“Don’t despair, ma’am,” I said, with an insinuating mildness which seemed to touch her. “I have heard a mysterious conversation—I know of a guilty appointment—and I expect great things from my peep-hole and my pipe-hole to-night. Pray don’t be alarmed, but I think we are on the brink of a discovery.”
Here my enthusiastic devotion to business got the better part of my tender feelings. I looked—winked—nodded—left her.
When I got back to my observatory, I found Mr. Jay digesting his mutton-chops in an armchair, with his pipe in his mouth. On his table were two tumblers, a jug of water, and the pint bottle of brandy. It was then close upon seven o’clock. As the hour struck the person described as “Jack” walked in.
He looked agitated—I am happy to say he looked violently agitated. The cheerful glow of anticipated success diffused itself (to use a strong expression) all over me, from head to foot. With breathless interest I looked through my peep-hole, and saw the visitor—the “Jack” of this delightful case—sit down, facing me, at the opposite side of the table to Mr. Jay. Making allowance for the difference in expression which their countenances just now happened to exhibit, these two abandoned villains were so much alike in other respects as to lead at once to the conclusion that they were brothers. Jack was the cleaner man and the better dressed of the two. I admit that, at the outset. It is, perhaps, one of my failings to push justice and impartiality to their utmost limits. I am no Pharisee; and where Vice has its redeeming point, I say, let Vice have its due—yes, yes, by all manner of means, let Vice have its due.

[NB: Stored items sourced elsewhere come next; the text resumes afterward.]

lemma ASM_mu_0_eq_perm_matrices: "{A \<in> ASM n. asm_mu n A = 0} = perm_matrices n"
proof (intro set_eqI iffI)
  fix A assume "A \<in> {A \<in> ASM n. asm_mu n A = 0}"
  then have A: "A \<in> ASM n" and mu: "asm_mu n A = 0" by auto
  have "finite {(i, j). i < n \<and> j < n \<and> A i j = -1}"
    by (rule finite_subset[of _ "{..<n} \<times> {..<n}"]) auto
  then have "\<forall>i<n. \<forall>j<n. A i j \<noteq> -1" using mu by (auto simp: asm_mu_def)
  then show "A \<in> perm_matrices n" using A by (auto simp: ASM_def perm_matrices_def)
next
  fix A assume A: "A \<in> perm_matrices n"
  have e: "\<forall>i<n. \<forall>j<n. A i j \<in> {0, 1}" and r: "\<forall>i<n. (\<Sum>j<n. A i j) = 1"
    and cl: "\<forall>j<n. (\<Sum>i<n. A i j) = 1"
    using A by (auto simp: perm_matrices_def)
  have "alt_signs (\<lambda>j. A i j) n" if "i < n" for i
    unfolding alt_signs_def
  proof (intro allI impI, elim conjE)
    fix j j' assume jj: "j < j'" "j' < n" "A i j \<noteq> 0" "A i j' \<noteq> 0"
    then have "A i j = 1" "A i j' = 1" using e[rule_format, of i j] e[rule_format, of i j'] that by auto
    moreover have "A i j' = 0"
      by (rule sum_01_eq_1_unique[of "{..<n}" "A i" j]) (use e r jj that calculation in auto)
    ultimately show "A i j' = - A i j" by simp
  qed
  moreover have "alt_signs (\<lambda>i. A i j) n" if "j < n" for j
    unfolding alt_signs_def
  proof (intro allI impI, elim conjE)
    fix i i' assume ii: "i < i'" "i' < n" "A i j \<noteq> 0" "A i' j \<noteq> 0"
    then have "A i j = 1" "A i' j = 1" using e[rule_format, of i j] e[rule_format, of i' j] that by auto
    moreover have "A i' j = 0"
      by (rule sum_01_eq_1_unique[of "{..<n}" "\<lambda>i. A i j" i]) (use e cl ii that calculation in auto)
    ultimately show "A i' j = - A i j" by simp
  qed
  moreover have "{(i, j). i < n \<and> j < n \<and> A i j = -1} = {}" using e by fastforce
  then have "asm_mu n A = 0" unfolding asm_mu_def by (metis card.empty)
  ultimately show "A \<in> {A \<in> ASM n. asm_mu n A = 0}"
    using A by (auto simp: ASM_def perm_matrices_def)
qed

subsection \<open>Adding a last row\<close>

definition skip :: "nat \<Rightarrow> nat \<Rightarrow> nat" where
  "skip c j = (if j < c then j else Suc j)"

lemma skip_less: "c \<le> n \<Longrightarrow> j < n \<Longrightarrow> skip c j < Suc n"
  by (simp add: skip_def)

lemma skip_neq: "skip c j \<noteq> c"
  by (simp add: skip_def)

lemma skip_less_skip_iff: "skip c j < skip c j' \<longleftrightarrow> j < j'"
  by (auto simp: skip_def)

lemma sum_lessThan_Suc_skip:
  fixes F :: "nat \<Rightarrow> 'a::comm_monoid_add"
  shows "c \<le> n \<Longrightarrow> F c = 0 \<Longrightarrow> (\<Sum>j<Suc n. F j) = (\<Sum>j<n. F (skip c j))"
proof (induction n arbitrary: c)
  case (Suc n)
  show ?case
  proof (cases "c = Suc n")
    case True
    have "(\<Sum>j<Suc n. F (skip c j)) = (\<Sum>j<Suc n. F j)"
      by (rule sum.cong) (auto simp: skip_def True)
    then show ?thesis using Suc.prems True by simp
  next
    case False
    then have "c \<le> n" using Suc.prems by simp
    with Suc.IH[OF this Suc.prems(2)] show ?thesis by (simp add: skip_def)
  qed
qed simp

definition add_row :: "nat \<Rightarrow> nat \<Rightarrow> (nat \<Rightarrow> nat \<Rightarrow> int) \<Rightarrow> nat \<Rightarrow> nat \<Rightarrow> int" where
  "add_row n c B i j =
     (if i < n \<and> j < Suc n \<and> j \<noteq> c then B i (if j < c then j else j - 1)
      else if i = n \<and> j = c then 1 else 0)"

lemma add_row_skip: "i < n \<Longrightarrow> j < n \<Longrightarrow> c \<le> n \<Longrightarrow> add_row n c B i (skip c j) = B i j"
  by (auto simp: add_row_def skip_def)

lemma add_row_column: "i < n \<Longrightarrow> add_row n c B i c = 0"
  by (simp add: add_row_def)

lemma add_row_in_perm_matrices:
  assumes B: "B \<in> perm_matrices n" and c: "c \<le> n"
  shows "add_row n c B \<in> perm_matrices (Suc n)"
proof -
  let ?A = "add_row n c B"
  have e: "\<forall>i<n. \<forall>j<n. B i j \<in> {0, 1}" and r: "\<forall>i<n. (\<Sum>j<n. B i j) = 1"
    and cl: "\<forall>j<n. (\<Sum>i<n. B i j) = 1"
    using B by (auto simp: perm_matrices_def)
  have entries: "?A i j \<in> {0, 1}" if "j < Suc n" for i j
  proof (cases "i < n \<and> j \<noteq> c")
    case True
    then have "(if j < c then j else j - 1) < n" using that c by auto
    then show ?thesis using e True that by (simp add: add_row_def)
  qed (auto simp: add_row_def)
  have rows: "(\<Sum>j<Suc n. ?A i j) = 1" if "i < Suc n" for i
  proof (cases "i = n")
    case True
    have "(\<Sum>j<Suc n. ?A i j) = (\<Sum>j<Suc n. if j = c then 1 else 0)"
      by (rule sum.cong) (auto simp: add_row_def True)
    then show ?thesis using c by simp
  next
    case False
    then have "i < n" using that by simp
    have "(\<Sum>j<Suc n. ?A i j) = (\<Sum>j<n. ?A i (skip c j))"
      by (rule sum_lessThan_Suc_skip[OF c]) (simp add: add_row_def False)
    also have "\<dots> = (\<Sum>j<n. B i j)"
      by (rule sum.cong) (auto simp: add_row_skip \<open>i < n\<close> c)
    finally show ?thesis using r \<open>i < n\<close> by simp
  qed
  have cols: "(\<Sum>i<Suc n. ?A i j) = 1" if "j < Suc n" for j
  proof (cases "j = c")
    case True
    have "(\<Sum>i<n. ?A i j) = 0" by (rule sum.neutral) (auto simp: add_row_def True)
    then show ?thesis by (simp add: add_row_def True)
  next
    case False
    let ?j = "if j < c then j else j - 1"
    have "(\<Sum>i<n. ?A i j) = (\<Sum>i<n. B i ?j)"
      by (rule sum.cong) (use that False in \<open>auto simp: add_row_def\<close>)
    moreover have "?j < n" using that False c by auto
    ultimately show ?thesis using cl False by (simp add: add_row_def)
  qed
  show ?thesis
    using c entries rows cols by (auto simp: perm_matrices_def add_row_def)
qed

lemma add_row_inj:
  assumes "c \<le> n" "B \<in> perm_matrices n" "B' \<in> perm_matrices n"
    and eq: "add_row n c B = add_row n c' B'"
  shows "c = c' \<and> B = B'"
proof -
  have "add_row n c B n c = add_row n c' B' n c" using eq by simp
  then have cc: "c = c'" by (simp add: add_row_def split: if_splits)
  have "B i j = B' i j" for i j
  proof (cases "i < n \<and> j < n")
    case True
    then show ?thesis
      using eq cc add_row_skip[of i n j c B] add_row_skip[of i n j c B'] assms(1) by simp
  next
    case False
    then show ?thesis using assms(2,3) by (auto simp: perm_matrices_def)
  qed
  then show ?thesis using cc by auto
qed
lemma class_divides_iff_cs_psi_trivial:
  assumes "d \<ge> 1"
  shows "class_divides S op d \<longleftrightarrow> cs_psi_trivial S op d"
proof
  assume "class_divides S op d"
  then obtain k where "k \<ge> 1" "cs_psi_trivial S op k" and "cs_class S op dvd d"
    unfolding class_divides_def by blast
  then have "cs_psi_trivial S op (cs_class S op)"
    unfolding cs_class_def by (metis (mono_tags, lifting) LeastI)
  with \<open>cs_class S op dvd d\<close> show "cs_psi_trivial S op d"
    by (metis cs_psi_trivial_mult dvdE)
next
  assume trivial: "cs_psi_trivial S op d"
  define c where "c = cs_class S op"
  have "c \<ge> 1" and trivial_c: "cs_psi_trivial S op c"
    unfolding c_def cs_class_def using trivial assms by (metis (mono_tags, lifting) LeastI)+
  have "cs_psi_trivial S op (d mod c)"
    using trivial cs_psi_mod[OF trivial_c] unfolding cs_psi_trivial_def by simp
  then have "d mod c = 0"
    using \<open>c \<ge> 1\<close> not_less_Least[of "d mod c" "\<lambda>d. d \<ge> 1 \<and> cs_psi_trivial S op d"]
    unfolding c_def cs_class_def by auto
  then have "cs_class S op dvd d"
    unfolding c_def by (simp add: dvd_eq_mod_eq_0)
  then show "class_divides S op d"
    unfolding class_divides_def using trivial assms by auto
qed

(* Read from id, the word s^k gives psi_k(s), and the cycle set
   law says exactly that two adjacent letters may be swapped. *)
fun cs_word :: "('a \<Rightarrow> 'a \<Rightarrow> 'a) \<Rightarrow> ('a \<Rightarrow> 'a) \<Rightarrow> 'a list \<Rightarrow> 'a \<Rightarrow> 'a" where
  "cs_word op R [] = R"
| "cs_word op R (y # ys) = cs_word op (op (R y) \<circ> R) ys"

lemma cs_word_append: "cs_word op R (xs @ ys) = cs_word op (cs_word op R xs) ys"
  by (induction xs arbitrary: R) simp_all

lemma cs_word_replicate: "cs_word op R (replicate m t) = cs_psi op m (R t) \<circ> R"
proof (induction m)
  case (Suc m)
  have "cs_word op R (replicate (Suc m) t) = cs_word op R (replicate m t @ [t])"
    by (simp add: replicate_append_same)
  also have "\<dots> = op (cs_psi op m (R t) (R t)) \<circ> cs_psi op m (R t) \<circ> R"
    using Suc by (simp add: cs_word_append comp_def)
  finally show ?case by (simp add: cs_psi_self comp_assoc)
qed simp

lemma cs_word_cong:
  assumes "cycle_set S op" "set ys \<subseteq> S" "\<forall>t\<in>S. R t = R' t" "\<forall>t\<in>S. R t \<in> S"
  shows "\<forall>t\<in>S. cs_word op R ys t = cs_word op R' ys t"
  using assms(2-)
proof (induction ys arbitrary: R R')
  case (Cons y ys)
  then show ?case
    using cycle_set_closed[OF assms(1)] by (simp add: Cons.IH)
qed simp

lemma cs_word_swap:
  assumes "cycle_set S op" "a \<in> S" "b \<in> S" "set ys \<subseteq> S" "\<forall>t\<in>S. R t \<in> S"
  shows "\<forall>t\<in>S. cs_word op R (a # b # ys) t = cs_word op R (b # a # ys) t"
proof -
  have "\<forall>t\<in>S. op (op (R a) (R b)) (op (R a) (R t)) = op (op (R b) (R a)) (op (R b) (R t))"
    using assms unfolding cycle_set_def by simp
  then show ?thesis
    using assms cs_word_cong[OF assms(1,4)] cycle_set_closed[OF assms(1)] by (simp add: comp_def)
qed

lemma cs_word_Cons_eq_snoc:
  assumes "cycle_set S op" "y \<in> S" "set xs \<subseteq> S" "\<forall>t\<in>S. R t \<in> S"
  shows "\<forall>t\<in>S. cs_word op R (y # xs) t = cs_word op R (xs @ [y]) t"
  using assms(3,4)
proof (induction xs arbitrary: R)
  case (Cons x xs)
  have closed: "\<forall>t\<in>S. (op (R x) \<circ> R) t \<in> S"
    using Cons.prems cycle_set_closed[OF assms(1)] by simp
  have "\<forall>t\<in>S. cs_word op (op (R x) \<circ> R) (y # xs) t
      = cs_word op (op (R x) \<circ> R) (xs @ [y]) t"
    using Cons.IH[OF _ closed] Cons.prems by (simp add: comp_def)
  then have "\<forall>t\<in>S. cs_word op R (x # y # xs) t = cs_word op R (x # xs @ [y]) t"
    by (simp add: comp_def)
  then show ?case
    using cs_word_swap[OF assms(1,2)] Cons.prems by simp
qed simp

lemma cs_word_rotate:
  assumes "cycle_set S op" "set xs \<subseteq> S" "\<forall>t\<in>S. R t \<in> S"
  shows "\<forall>t\<in>S. cs_word op R (rotate k xs) t = cs_word op R xs t"
proof (induction k)
  case (Suc k)
  have "\<forall>t\<in>S. cs_word op R (rotate1 (rotate k xs)) t = cs_word op R (rotate k xs) t"
  proof (cases "rotate k xs")
    case (Cons y ys)
    moreover have "set (rotate k xs) \<subseteq> S"
      using assms(2) by simp
    ultimately show ?thesis
      using cs_word_Cons_eq_snoc[OF assms(1) _ _ assms(3), of y ys] by simp
  qed simp
  with Suc show ?case by (simp add: rotate_Suc)
qed simp

lemma cs_psi_cycle_law:
  assumes "cycle_set S op" "s \<in> S" "t \<in> S" "u \<in> S"
  shows "cs_psi op k (cs_psi op k s t) (cs_psi op k s u)
       = cs_psi op k (cs_psi op k t s) (cs_psi op k t u)"
proof -
  have "set (replicate k s @ replicate k t) \<subseteq> S"
    using assms by auto
  then have "cs_word op id (rotate k (replicate k s @ replicate k t)) u
      = cs_word op id (replicate k s @ replicate k t) u"
    using cs_word_rotate[OF assms(1), of _ id] assms(4) by simp
  moreover have "rotate k (replicate k s @ replicate k t) = replicate k t @ replicate k s"
    using rotate_append[of "replicate k s"] by simp
  ultimately show ?thesis
    by (simp add: cs_word_append cs_word_replicate)
qed

(* The structure s *_k t = psi_k(s)(t), restricted to S so that it is an extensional operation
   of the kind counted by N_cs. *)
definition cs_power :: "'a set \<Rightarrow> ('a \<Rightarrow> 'a \<Rightarrow> 'a) \<Rightarrow> nat \<Rightarrow> ('a \<Rightarrow> 'a \<Rightarrow> 'a)" where
  "cs_power S op k = (\<lambda>s\<in>S. \<lambda>t\<in>S. cs_psi op k s t)"

lemma cs_power_PiE: "cycle_set S op \<Longrightarrow> cs_power S op k \<in> S \<rightarrow>\<^sub>E (S \<rightarrow>\<^sub>E S)"
  by (simp add: cs_power_def cs_psi_closed)

lemma cycle_set_cs_power:
  assumes "cycle_set S op"
  shows "cycle_set S (cs_power S op k)"
proof -
  have "bij_betw (cs_power S op k s) S S" if "s \<in> S" for s
    using bij_betw_cs_psi[OF assms that]
    by (rule bij_betw_cong[THEN iffD1, rotated]) (simp add: cs_power_def that)
  then show ?thesis
    unfolding cycle_set_def
    using cs_psi_cycle_law[OF assms] cs_psi_closed[OF assms] by (simp add: cs_power_def)
qed

lemma cs_T_cs_power_funpow:
  assumes "cycle_set S op" "s \<in> S"
  shows "(cs_T (cs_power S op k) ^^ m) s = (cs_T op ^^ (k * m)) s"
proof (induction m)
  case (Suc m)
  have "(cs_T (cs_power S op k) ^^ Suc m) s = cs_T (cs_power S op k) ((cs_T op ^^ (k * m)) s)"
    using Suc by simp
  also have "\<dots> = (cs_T op ^^ k) ((cs_T op ^^ (k * m)) s)"
    using cs_T_funpow_closed[OF assms] by (simp add: cs_T_def cs_power_def cs_psi_self)
  also have "\<dots> = (cs_T op ^^ (k * Suc m)) s"
    by (simp only: funpow_add comp_apply mult_Suc_right)
  finally show ?case .
qed simp

lemma cs_psi_cs_power:
  assumes "cycle_set S op" "s \<in> S" "t \<in> S"
  shows "cs_psi (cs_power S op k) m s t = cs_psi op (k * m) s t"
proof (induction m)
  case (Suc m)
  have "cs_psi (cs_power S op k) (Suc m) s t
      = cs_power S op k ((cs_T op ^^ (k * m)) s) (cs_psi op (k * m) s t)"
    using Suc cs_T_cs_power_funpow[OF assms(1,2)] by simp
  also have "\<dots> = cs_psi op k ((cs_T op ^^ (k * m)) s) (cs_psi op (k * m) s t)"
    using assms cs_T_funpow_closed[OF assms(1,2)] cs_psi_closed[OF assms(1)] by (simp add: cs_power_def)
  also have "\<dots> = cs_psi op (k * Suc m) s t"
    by (metis cs_psi_add comp_apply mult_Suc_right add.commute)
  finally show ?case .
qed simp

lemma cs_power_one:
  assumes "op \<in> S \<rightarrow>\<^sub>E (S \<rightarrow>\<^sub>E S)"
  shows "cs_power S op 1 = op"
proof -
  have "(\<lambda>t\<in>S. op s t) = op s" if "s \<in> S" for s
    using assms that by (simp add: PiE_iff extensional_restrict)
  then have "cs_power S op 1 = restrict op S"
    unfolding cs_power_def by (intro restrict_ext) simp
  also have "\<dots> = op"
    using assms by (simp add: PiE_iff extensional_restrict)
  finally show ?thesis .
qed

lemma cs_power_mod: "cs_psi_trivial S op c \<Longrightarrow> cs_power S op (k mod c) = cs_power S op k"
  unfolding cs_power_def by (intro restrict_ext) (simp add: cs_psi_mod)

lemma cs_power_eqI:
  assumes "\<And>s t. s \<in> S \<Longrightarrow> t \<in> S \<Longrightarrow> cs_power S op1 k s t = cs_power S op2 k s t"
  shows "cs_power S op1 k = cs_power S op2 k"
  using assms unfolding cs_power_def by (intro restrict_ext) simp

lemma cs_power_add:
  assumes "cycle_set S op" "s \<in> S" "t \<in> S"
  shows "cs_power S op (a + b) s t
       = cs_power S op b (cs_power S op a s s) (cs_power S op a s t)"
  using assms cs_psi_closed[OF assms(1)] by (simp add: cs_power_def cs_psi_add_apply)

lemma cs_power_sum_eqI:
  assumes "cycle_set S op1" "cycle_set S op2" "finite I"
    and "\<forall>i\<in>I. cs_power S op1 (e i) = cs_power S op2 (e i)"
  shows "cs_power S op1 (\<Sum>i\<in>I. e i) = cs_power S op2 (\<Sum>i\<in>I. e i)"
  using assms(3,4)
proof (induction I rule: finite_induct)
  case (insert i I)
  have "cs_power S op1 (e i + sum e I) s t = cs_power S op2 (e i + sum e I) s t"
    if "s \<in> S" "t \<in> S" for s t
  proof -
    have "cs_power S op1 (e i + sum e I) s t
        = cs_power S op1 (sum e I) (cs_power S op1 (e i) s s) (cs_power S op1 (e i) s t)"
      by (rule cs_power_add[OF assms(1) that])
    also have "\<dots> = cs_power S op2 (sum e I) (cs_power S op2 (e i) s s) (cs_power S op2 (e i) s t)"
      using insert by simp
    also have "\<dots> = cs_power S op2 (e i + sum e I) s t"
      by (rule cs_power_add[OF assms(2) that, symmetric])
    finally show ?thesis .
  qed
  with insert.hyps show ?case
    by (intro cs_power_eqI) simp
qed (simp add: cs_power_def)

lemma chinese_remainder_idempotents_nat:
  fixes q :: "'i \<Rightarrow> nat"
  assumes "finite I" and coprime: "\<forall>i\<in>I. \<forall>j\<in>I. i \<noteq> j \<longrightarrow> coprime (q i) (q j)"
  obtains e where "\<forall>i\<in>I. (\<Prod>j\<in>I. q j) dvd e i * q i"
    and "[(\<Sum>i\<in>I. e i) = 1] (mod (\<Prod>j\<in>I. q j))"
proof -
  have "\<exists>x. \<forall>j\<in>I. [x = (if j = i then 1 else 0)] (mod q j)" for i
    using chinese_remainder_nat[OF assms, of "\<lambda>j. if j = i then 1 else 0"] by simp
  then obtain e where e: "\<And>i j. j \<in> I \<Longrightarrow> [e i = (if j = i then 1 else 0)] (mod q j)"
    by metis
  have "(\<Prod>j\<in>I. q j) dvd e i * q i" for i
  proof -
    have "[e i * q i = 0] (mod q j)" if "j \<in> I" for j
      using e[OF that, of i] cong_scalar_right[of "e i" 0 "q j" "q i"]
      by (cases "j = i") (simp_all add: cong_0_iff)
    then have "[e i * q i = 0] (mod (\<Prod>j\<in>I. q j))"
      using coprime by (intro coprime_cong_prod_nat) auto
    then show ?thesis
      by (simp add: cong_0_iff)
  qed
  moreover have "[(\<Sum>i\<in>I. e i) = 1] (mod q j)" if "j \<in> I" for j
  proof -
    have "[(\<Sum>i\<in>I. e i) = (\<Sum>i\<in>I. if j = i then 1 else 0)] (mod q j)"
      using e[OF that] by (intro cong_sum) simp
    then show ?thesis
      using assms(1) that by simp
  qed
  then have "[(\<Sum>i\<in>I. e i) = 1] (mod (\<Prod>j\<in>I. q j))"
    using coprime by (intro coprime_cong_prod_nat) auto
  ultimately show ?thesis
    using that by blast
qed

definition cycle_sets_class_dvd :: "'a set \<Rightarrow> nat \<Rightarrow> ('a \<Rightarrow> 'a \<Rightarrow> 'a) set" where
  "cycle_sets_class_dvd S d =
     {op \<in> S \<rightarrow>\<^sub>E (S \<rightarrow>\<^sub>E S). cycle_set S op \<and> class_divides S op d}"
lemma HS_norm_sq_polar:
  assumes "0 < r" and "x = complex_of_real r * cis t"
  shows "cmod (HS g m1 m2 x) ^ 2
           = (\<Sum>k=1..g. real (iso_mult m1 m2 k) * cot (t - real k * pi / real g)) ^ 2 / r^2"
proof -
  have "cmod x = r" using assms by (simp add: norm_mult)
  then have "cmod (sph_normal x) = 1"
    using assms unfolding sph_normal_def by (simp add: norm_mult)
  moreover have "(\<Sum>k=1..g. real (iso_mult m1 m2 k) * iso_shape_eig g x (sph_normal x) k)
      = - (\<Sum>k=1..g. real (iso_mult m1 m2 k) * cot (t - real k * pi / real g)) / r"
    unfolding iso_shape_eig_sph_normal[OF assms] by (simp add: sum_divide_distrib sum_negf)
  ultimately show ?thesis
    unfolding HS_def norm_mult norm_of_real by (simp add: power_divide)
qed

lemma sin_diff_multiple_pi_nonzero:
  assumes "sin (real h * u) \<noteq> 0"
  shows "sin (u - real k * pi / real h) \<noteq> 0"
proof
  assume "sin (u - real k * pi / real h) = 0"
  then obtain i :: int where i: "u - real k * pi / real h = of_int i * pi"
    by (auto simp: sin_zero_iff_int2)
  have "h \<noteq> 0" using assms by (cases "h = 0") simp_all
  with i have "real h * u = of_int (int h * i + int k) * pi"
    by (simp add: field_simps)
  with assms show False by (simp only: sin_zero_iff_int2) blast
qed

lemma cot_mult_sin: "sin x \<noteq> 0 \<Longrightarrow> cot x * sin x = (cos x :: real)"
  by (simp add: cot_def)

lemma cot_equidistant_1:
  fixes u :: real
  assumes "sin (u - pi) \<noteq> 0"
  shows "cot (u - pi) * sin u = cos u"
    and "cot (u - pi) ^ 2 * sin u ^ 2 = 1 - sin u ^ 2"
proof -
  note cot1 = cot_mult_sin[OF assms]
  define s c where "s = sin u" and "c = cos u"
  have pyth: "s^2 + c^2 = 1" unfolding s_def c_def by simp
  note expand = sin_diff cos_diff sin_pi cos_pi
  show "cot (u - pi) * sin u = cos u"
    using cot1 assms unfolding expand s_def[symmetric] c_def[symmetric] using pyth by algebra
  show "cot (u - pi) ^ 2 * sin u ^ 2 = 1 - sin u ^ 2"
    using cot1 assms unfolding expand s_def[symmetric] c_def[symmetric] using pyth by algebra
qed

lemma cot_equidistant_2:
  fixes u :: real
  assumes "sin (u - pi/2) \<noteq> 0" and "sin (u - pi) \<noteq> 0"
  shows "(cot (u - pi/2) + cot (u - pi)) * sin (2*u) = 2 * cos (2*u)"
    and "(cot (u - pi/2) ^ 2 + cot (u - pi) ^ 2) * sin (2*u) ^ 2 = 4 - 2 * sin (2*u) ^ 2"
proof -
  note cot1 = cot_mult_sin[OF assms(1)] and cot2 = cot_mult_sin[OF assms(2)]
  define s c where "s = sin u" and "c = cos u"
  have pyth: "s^2 + c^2 = 1" unfolding s_def c_def by simp
  note expand = sin_diff cos_diff sin_double cos_double sin_pi cos_pi sin_pi_half cos_pi_half
  show "(cot (u - pi/2) + cot (u - pi)) * sin (2*u) = 2 * cos (2*u)"
    using cot1 cot2 assms unfolding expand s_def[symmetric] c_def[symmetric]
    using pyth by algebra
  show "(cot (u - pi/2) ^ 2 + cot (u - pi) ^ 2) * sin (2*u) ^ 2 = 4 - 2 * sin (2*u) ^ 2"
    using cot1 cot2 assms unfolding expand s_def[symmetric] c_def[symmetric]
    using pyth by algebra
qed

lemma cot_equidistant_3:
  fixes u :: real
  assumes "sin (u - pi/3) \<noteq> 0" and "sin (u - 2*pi/3) \<noteq> 0" and "sin (u - pi) \<noteq> 0"
  shows "(cot (u - pi/3) + cot (u - 2*pi/3) + cot (u - pi)) * sin (3*u) = 3 * cos (3*u)"
    and "(cot (u - pi/3) ^ 2 + cot (u - 2*pi/3) ^ 2 + cot (u - pi) ^ 2) * sin (3*u) ^ 2
           = 9 - 3 * sin (3*u) ^ 2"
proof -
  note cot1 = cot_mult_sin[OF assms(1)] and cot2 = cot_mult_sin[OF assms(2)]
    and cot3 = cot_mult_sin[OF assms(3)]
  have "2*pi/3 = pi - pi/3" by simp
  then have trig_2pi3: "cos (2*pi/3) = -1/2" "sin (2*pi/3) = sqrt 3/2"
    by (simp_all only: cos_pi_minus sin_pi_minus cos_60 sin_60)
  have sin_3u: "sin (3*u) = 2 * sin u * cos u ^ 2 + (cos u ^ 2 - sin u ^ 2) * sin u"
    using sin_add[of "2*u" u] by (simp add: sin_double cos_double power2_eq_square)
  define s c q where "s = sin u" and "c = cos u" and "q = sqrt 3"
  have pyth: "s^2 + c^2 = 1" and q: "q^2 = 3" unfolding s_def c_def q_def by simp_all
  note expand = sin_diff cos_diff cos_60 sin_60 trig_2pi3 sin_3u cos_treble_cos sin_pi cos_pi
  show "(cot (u - pi/3) + cot (u - 2*pi/3) + cot (u - pi)) * sin (3*u) = 3 * cos (3*u)"
    using cot1 cot2 cot3 assms
    unfolding expand s_def[symmetric] c_def[symmetric] q_def[symmetric]
    using pyth q by algebra
  show "(cot (u - pi/3) ^ 2 + cot (u - 2*pi/3) ^ 2 + cot (u - pi) ^ 2) * sin (3*u) ^ 2
      = 9 - 3 * sin (3*u) ^ 2"
    using cot1 cot2 cot3 assms
    unfolding expand s_def[symmetric] c_def[symmetric] q_def[symmetric]
    using pyth q by algebra
qed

“What’s the matter now, Jack?” says Mr. Jay.
“Can’t you see it in my face?” says Jack. “My dear fellow, delays are dangerous. Let us have done with suspense, and risk it, the day after to-morrow.”
“So soon as that?” cries Mr. Jay, looking very much astonished. “Well, I’m ready, if you are. But, I say, Jack, is somebody else ready, too? Are you quite sure of that?”
He smiled as he spoke—a frightful smile—and laid a very strong emphasis on those two words, “Somebody else.” There is evidently a third ruffian, a nameless desperado, concerned in the business.
“Meet us to-morrow,” says Jack, “and judge for yourself. Be in the Regent’s Park at eleven in the morning, and look out for us at the turning that leads to the Avenue Road.”
“I’ll be there,” says Mr. Jay. “Have a drop of brandy-and-water? What are you getting up for? You’re not going already?”